Therein lies the bigger problem: In your scenario you don't want them to be independent. You want the reading tasks to block the scanning tasks.
Bigger Problem
The problem you present is that a regularly occurring activity (scanning) must halt when an arbitrary event (reading) happens. That means the two activities must coordinate with one another. The question is how to coordinate.
Semaphores
When the arbitrary event is happening, it should raise a flag. The recurring activity, when it runs, should always check for that flag. If raised, wait until the flag lowers before proceeding with scan. The ScheduledExecutorService is designed for this, tolerating a task that may run for a time longer than the scheduled period. If one execution of the task runs long, the SES does not run again, so it does not pile up a backlog of executions. That is just the behavior you want.

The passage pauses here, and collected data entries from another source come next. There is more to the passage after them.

theorem theorem5p13:
  fixes V :: "'a set" and E :: "'a \<Rightarrow> 'a \<Rightarrow> bool"
  assumes "simple_graph V E"
    and "is_band V E"
  shows "int (chromatic_number V E) \<le> \<lceil>5 / 4 * real (clique_number V E)\<rceil>"
proof -
  define w where "w = clique_number V E"
  define k where "k = nat \<lceil>5 / 4 * real w\<rceil>"
  have k: "int k = \<lceil>5 / 4 * real w\<rceil>"
    unfolding k_def by simp
  then have "5 / 4 * real w \<le> real k"
    by (metis le_of_int_ceiling of_int_of_nat_eq)
  then have "5 * w \<le> 4 * k"
    by linarith
  moreover obtain Q1 Q2 Q3 Q4 Q5 R2 R3 where "band V E Q1 Q2 Q3 Q4 Q5 R2 R3"
    using is_bandE[OF assms] .
  moreover have "\<And>K. K \<subseteq> V \<Longrightarrow> is_clique E K \<Longrightarrow> card K \<le> w"
    using assms(1) card_le_clique_number unfolding simple_graph_def w_def by blast
  ultimately obtain col where "proper_colouring V E k col"
    using band.exists_proper_colouring by metis
  then show ?thesis
    using chromatic_number_le k unfolding w_def by fastforce
qed

end
(* Let $p_1,p_2,\dots$ be a sequence with $0\le p_j\le 1$ for all $j$, and let $I_1,I_2,\dots$ be independent Bernoulli random variables with $P(I_k=1)=p_k$. Put $q_k=1-p_k$, $r_k=p_k/q_k$ (with $r_k=\infty$ if $p_k=1$), and for $1\le k\le n$ let $R(1,n)=\sum_{j=1}^n r_j$. For each $n\ge1$ let $V(n)$ be the maximal probability, over all stopping times $\tau$ with respect to $\mathcal F_k=\sigma(I_1,\dots,I_k)$ taking values in $\{1,\dots,n\}$, that $I_\tau=1$ and $I_j=0$ for all $\tau<j\le n$. Let $$N^*=\sup\{n\in\mathbb N: R(1,n)\le 1\}\in\mathbb N\cup\{\infty\}.$$ Then $V(n)$ is non-decreasing in $n$ for $1\le n\le N^*$, i.e. $V(n)\le V(n+1)$ for every positive integer $n$ with $n+1\le N^*$.
   Context: $V(n)$ is the optimal probability of stopping online (without recall) on the last index $k\le n$ with $I_k=1$ (the "$n$-problem"). *)

theory Defs
  imports "HOL-Probability.Probability" "HOL-Library.Extended_Nat" "HOL-Library.Extended_Real"
begin

text \<open>Outcomes are indicator sequences I :: nat => bool (I k = the k-th Bernoulli indicator,
  k >= 1). The joint law of I_1..I_n is the product of Bernoulli(p k) for k in {1..n}.\<close>

definition law :: "(nat \<Rightarrow> real) \<Rightarrow> nat \<Rightarrow> (nat \<Rightarrow> bool) pmf" where
  "law p n = Pi_pmf {1..n} False (\<lambda>k. bernoulli_pmf (p k))"

text \<open>Stopping times w.r.t. F_k = sigma(I_1..I_k) with values in {1..n}:
  the event {tau = k} is determined by I_1..I_k.\<close>

definition is_stopping_time :: "nat \<Rightarrow> ((nat \<Rightarrow> bool) \<Rightarrow> nat) \<Rightarrow> bool" where
  "is_stopping_time n \<tau> \<longleftrightarrow>
     (\<forall>\<omega>. \<tau> \<omega> \<in> {1..n}) \<and>
     (\<forall>\<omega> \<omega>' k. \<tau> \<omega> = k \<and> (\<forall>j\<in>{1..k}. \<omega> j = \<omega>' j) \<longrightarrow> \<tau> \<omega>' = k)"

definition win_event :: "nat \<Rightarrow> ((nat \<Rightarrow> bool) \<Rightarrow> nat) \<Rightarrow> (nat \<Rightarrow> bool) set" where
  "win_event n \<tau> = {\<omega>. \<omega> (\<tau> \<omega>) \<and> (\<forall>j. \<tau> \<omega> < j \<and> j \<le> n \<longrightarrow> \<not> \<omega> j)}"

definition V :: "(nat \<Rightarrow> real) \<Rightarrow> nat \<Rightarrow> real" where
  "V p n = (SUP \<tau>\<in>{\<tau>. is_stopping_time n \<tau>}. measure_pmf.prob (law p n) (win_event n \<tau>))"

Vice versa, if the recurring activity is executing, it should raise a flag. The arbitrary event’s first to-do item is to check for that flag. If raised, wait until lowered. Then proceed, first raising its own flag and then proceeding with the task at hand (scanning).
Perhaps your scenario should be designed with a single flag rather than scanner and reader each having their own. I would have to think about it more and probably know more about your scenario.
The technical term for such flags is semaphore.
Unfortunately your comment says you cannot alter the scanner’s source code. So you cannot implement the semaphores and coordinate the activities. So I am stuck, cannot see a solution.
Hack
Given your frozen code, one hack solution, which I do not recommend, is that the regularly occurring activity (the scanning) not actually do the work but instead post a scanning task on another thread (another executor). That other executor would also be the same executor used to post the arbitrary activity (the reading). So there is one single queue of to-do items, a mix of scanning and reading jobs, submitted to a single-thread executor. The single-thread means they get done one at a time in sequence of their submission.
I do not like this hack because if any of the to-do items takes a long while you will begin to accumulate a backlog. That could be a mess.
By the way, no need for the DeviceTaskQueue in your example code. Just call the instance of the ExecutorService directly to submit a task. That is the job of an ExecutorService, and wrapping it adds no value that I can see.